For, it was from those seats that Mr Stott expelled several theatre-goers last week. Mid-performance the actor stopped moving, let his Brooklyn drawl slip into his Scottish growl, turned to face the audience and announced he was not continue until the teenagers in the front row left the theatre. Shock. An interjection by the teacher that the sniggers were permissable. Mr Stott re-iterated his intent. Exit school party.
Last night the tannoy annoucement at the beginning of the performance listed a long list of don’t for the cowed audience including not to rustle paper. I took the battery out of my (already-off) phone and refused a mint to ensure I was not ejected for my uncouthness also.

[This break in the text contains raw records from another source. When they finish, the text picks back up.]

(* Assume the setting described in the context and fix a compact interval $I\subset(0,\infty)$. Suppose Assumptions (A1) and (A2) hold. Then for every $x\in F$, \[\lim_{n\rightarrow\infty}\sup_{t\in I}\left|\beta(n)q^n_{\lfloor\gamma(n)t\rfloor}(g_n(x))-q_t(x)\right|=0.\]
   Context: Let $(E,d_E)$ be a metric space and $F\subseteq E$ such that $F\cap\overline{B}_E(x,r)$ is compact for all $x\in E$, $r>0$ ($\overline{B}_E$, $B_E$ closed and open balls in $E$). Let $d_F:=d_E|_{F\times F}$, $B_F(x,r)$ the open ball in $(F,d_F)$, $\rho\in F$, $\nu$ a Radon measure of full support on $(F,d_F)$ (extended to $E$ by $\nu(A):=\nu(A\cap F)$), and $(q_t(x))_{x\in F,t>0}$ jointly continuous in $(t,x)$ with $q_t\ge0$, $\int_Fq_t\,d\nu=1$ for each $t>0$. For a locally finite connected graph $G$ with at least two vertices and distinguished vertex $\rho(G)$: $d_G$ is the shortest-path metric, $B_G(x,r)$ the open $d_G$-ball; $\mu^G$ a symmetric weight with $\mu^G_{xy}>0$ iff $\{x,y\}\in E(G)$; $\mu^G_x:=\sum_y\mu^G_{xy}$; $\nu^G(A):=\sum_{x\in A}\mu^G_x$; $X^G$ the discrete time simple random walk with $P_G(x,y)=\mu^G_{xy}/\mu^G_x$ and law $\mathbf{P}^G_x$; $p^G_m(x,y):=\mathbf{P}^G_x(X^G_m=y)/\nu^G(\{y\})$, $q^G_m(x,y):=\frac12(p^G_m(x,y)+p^G_{m+1}(x,y))$, $q^G_m(x):=q^G_m(\rho(G),x)$. $(G^n)_{n\ge1}$ are such graphs with $V(G^n)\subseteq E$, $\rho(G^n)=\rho$; write $\nu^n,X^n,q^n$ for $\nu^{G^n},X^{G^n},q^{G^n}$. $(\alpha(n)),(\beta(n)),(\gamma(n))$ are non-negative sequences diverging to $\infty$. For $x\in E$, $g_n(x)$ is a point of $V(G^n)$ minimising $d_E(x,\cdot)$ over $V(G^n)$. Assumption (A1): (a) there is $c_1>0$ with $d_{G^n}(x,y)\ge c_1\alpha(n)d_E(x,y)$ for all $x,y\in V(G^n)$, $n\ge1$; and a non-negative $\tilde\alpha(n)=o(\alpha(n))$ such that for each $r>0$ there exist $c_2<\infty$, $n_0$ with $d_{G^n}(x,y)\le c_2\alpha(n)d_E(x,y)+\tilde\alpha(n)$ for all $x,y\in V(G^n)\cap B_E(\rho,r)$, $n\ge n_0$. (b) For each $r>0$, $\lim_n\sup_{x\in B_F(\rho,r)}d_E(x,V(G^n))=0$. (c) For every $x\in F$, $r>0$, $\lim_n\beta(n)^{-1}\nu^n(B_E(x,r))=\nu(B_E(x,r))$. (d) For every compact interval $I\subset(0,\infty)$, $x\in F$, $r>0$, $\lim_n\mathbf{P}^{G^n}_\rho(X^n_{\lfloor\gamma(n)t\rfloor}\in B_E(x,r))=\int_{B_F(x,r)}q_t(y)\nu(dy)$ uniformly for $t\in I$. Assumption (A2): for every compact interval $I\subset(0,\infty)$ and $r>0$, \[\lim_{\delta\to0}\limsup_{n\to\infty}\sup_{\substack{x,y\in B_{G^n}(\rho,\alpha(n)r):\\ d_{G^n}(x,y)\le\alpha(n)\delta}}\sup_{t\in I}\beta(n)\left|q^n_{\lfloor\gamma(n)t\rfloor}(x)-q^n_{\lfloor\gamma(n)t\rfloor}(y)\right|=0.\] *)

theory Defs
  imports "HOL-Analysis.Analysis" "HOL-Probability.Probability" "HOL-Library.Landau_Symbols"
begin

text \<open>A weighted graph is given by its vertex set V and a symmetric weight w;
  {x,y} is an edge iff w x y > 0.\<close>

definition adj :: "('a \<Rightarrow> 'a \<Rightarrow> real) \<Rightarrow> ('a \<times> 'a) set" where
  "adj w = {(x, y). 0 < w x y}"

definition wgraph :: "'a set \<Rightarrow> ('a \<Rightarrow> 'a \<Rightarrow> real) \<Rightarrow> bool" where
  "wgraph V w \<longleftrightarrow>
     (\<forall>x y. w x y = w y x) \<and> (\<forall>x y. 0 \<le> w x y) \<and>
     (\<forall>x y. 0 < w x y \<longrightarrow> x \<in> V \<and> y \<in> V \<and> x \<noteq> y) \<and>
     (\<forall>x\<in>V. finite {y. 0 < w x y}) \<and>
     (\<forall>x\<in>V. \<forall>y\<in>V. (x, y) \<in> (adj w)\<^sup>*) \<and>
     (\<exists>x\<in>V. \<exists>y\<in>V. x \<noteq> y)"

definition gdist :: "('a \<Rightarrow> 'a \<Rightarrow> real) \<Rightarrow> 'a \<Rightarrow> 'a \<Rightarrow> nat" where
  "gdist w x y = (LEAST n. (x, y) \<in> adj w ^^ n)"

definition gball :: "'a set \<Rightarrow> ('a \<Rightarrow> 'a \<Rightarrow> real) \<Rightarrow> 'a \<Rightarrow> real \<Rightarrow> 'a set" where
  "gball V w x r = {y \<in> V. real (gdist w x y) < r}"

definition deg :: "('a \<Rightarrow> 'a \<Rightarrow> real) \<Rightarrow> 'a \<Rightarrow> real" where
  "deg w x = (\<Sum>y\<in>{y. 0 < w x y}. w x y)"

text \<open>nu^G(A) = sum over x in A of mu_x (vertices outside V have mu_x = 0).\<close>
definition gmeasure :: "('a \<Rightarrow> 'a \<Rightarrow> real) \<Rightarrow> 'a set \<Rightarrow> ennreal" where
  "gmeasure w A = (\<Sum>\<^sub>\<infinity>x\<in>A. ennreal (deg w x))"

text \<open>walk_prob w m x A = P_x(X_m \<in> A) for the random walk with
  transition probabilities P(x,y) = w x y / mu_x (first-step decomposition).\<close>
fun walk_prob :: "('a \<Rightarrow> 'a \<Rightarrow> real) \<Rightarrow> nat \<Rightarrow> 'a \<Rightarrow> 'a set \<Rightarrow> real" where
  "walk_prob w 0 x A = indicator A x"
| "walk_prob w (Suc m) x A =
     (\<Sum>z\<in>{z. 0 < w x z}. (w x z / deg w x) * walk_prob w m z A)"

definition pG :: "('a \<Rightarrow> 'a \<Rightarrow> real) \<Rightarrow> nat \<Rightarrow> 'a \<Rightarrow> 'a \<Rightarrow> real" where
  "pG w m x y = walk_prob w m x {y} / deg w y"

definition qG :: "('a \<Rightarrow> 'a \<Rightarrow> real) \<Rightarrow> nat \<Rightarrow> 'a \<Rightarrow> 'a \<Rightarrow> real" where
  "qG w m x y = (pG w m x y + pG w (Suc m) x y) / 2"

end

theory Submission
  imports Defs
begin

text \<open>Let B be a small ball around x. The probability that the walk started at \<rho> lies in B,
  averaged over the times \<lfloor>\<gamma>(n) t\<rfloor> and \<lfloor>\<gamma>(n) t\<rfloor> + 1, is the sum of \<mu>_y q^n(y) over the
  vertices y of B. By (A1)(a) and (A2), \<beta>(n) q^n(y) is uniformly close to \<beta>(n) q^n(g_n(x)) on B,
  so this average is close to q^n(g_n(x)) \<nu>^n(B), and by (A1)(c) to \<beta>(n) q^n(g_n(x)) \<nu>(B). By (A1)(d)
  and the continuity of q the same average is close to q_t(x) \<nu>(B); since \<nu>(B) > 0, dividing by
  \<nu>(B) gives the claim, uniformly in t.\<close>

section \<open>Random walks on weighted graphs\<close>

lemma wgraph_weight_nonneg: "wgraph V w \<Longrightarrow> 0 \<le> w x y"
  unfolding wgraph_def by blast

lemma wgraph_edge_in_vertices: "wgraph V w \<Longrightarrow> 0 < w x y \<Longrightarrow> x \<in> V \<and> y \<in> V"
  unfolding wgraph_def by blast

lemma wgraph_finite_neighbours:
  assumes "wgraph V w"
  shows "finite {y. 0 < w x y}"
proof (cases "x \<in> V")
  case True
  then show ?thesis using assms unfolding wgraph_def by blast
next
  case False
  then have "{y. 0 < w x y} = {}" using wgraph_edge_in_vertices[OF assms] by blast
  then show ?thesis by simp
qed

lemma deg_nonneg: "wgraph V w \<Longrightarrow> 0 \<le> deg w x"
  unfolding deg_def by (intro sum_nonneg) (simp add: wgraph_weight_nonneg)

lemma deg_pos:
  assumes g: "wgraph V w" and x: "x \<in> V"
  shows "0 < deg w x"
proof -
  obtain y where y: "y \<in> V" "y \<noteq> x" using g unfolding wgraph_def by blast
  have "(x, y) \<in> (adj w)\<^sup>*" using g x y unfolding wgraph_def by blast
  then obtain z where "(x, z) \<in> adj w" using y(2) by (metis converse_rtranclE)
  then have "0 < w x z" by (simp add: adj_def)
  then show ?thesis
    unfolding deg_def using wgraph_finite_neighbours[OF g, of x] by (intro sum_pos2[of _ z]) auto
qed

lemma deg_eq_0_outside: "wgraph V w \<Longrightarrow> x \<notin> V \<Longrightarrow> deg w x = 0"
  unfolding deg_def using wgraph_edge_in_vertices by (metis (mono_tags, lifting) mem_Collect_eq sum.neutral)

text \<open>Quantifying over all finite supersets T lets supports of the walk at different times be
  merged by taking unions.\<close>

definition walk_supported_on :: "('a \<Rightarrow> 'a \<Rightarrow> real) \<Rightarrow> nat \<Rightarrow> 'a \<Rightarrow> 'a set \<Rightarrow> bool" where
  "walk_supported_on w m x S \<longleftrightarrow>
     (\<forall>T A. finite T \<longrightarrow> S \<subseteq> T \<longrightarrow> walk_prob w m x A = (\<Sum>y\<in>T \<inter> A. walk_prob w m x {y}))"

It seems that we are an interesting junction for theatre etiquette: on one hand we have the folks at the Globe trying to re-claim the Renaissance experience of being a groundling (although I doubt many 21st-century patrons throw turnips at the actors) and actors like Stott refusing to play to a disinterested audience.
My mother was charmed by the story, saying that the bane of her life were school parties descending on GCSE favourites to munch and chatter throughout. Yet Stott’s behaviour raises the question of who is the most important person in the theatre: the actor or the audience? Parking attendants, policemen, tax officials, MPs all get grief for their jobs – is it fair in the gaga land of celebrity that actors do not?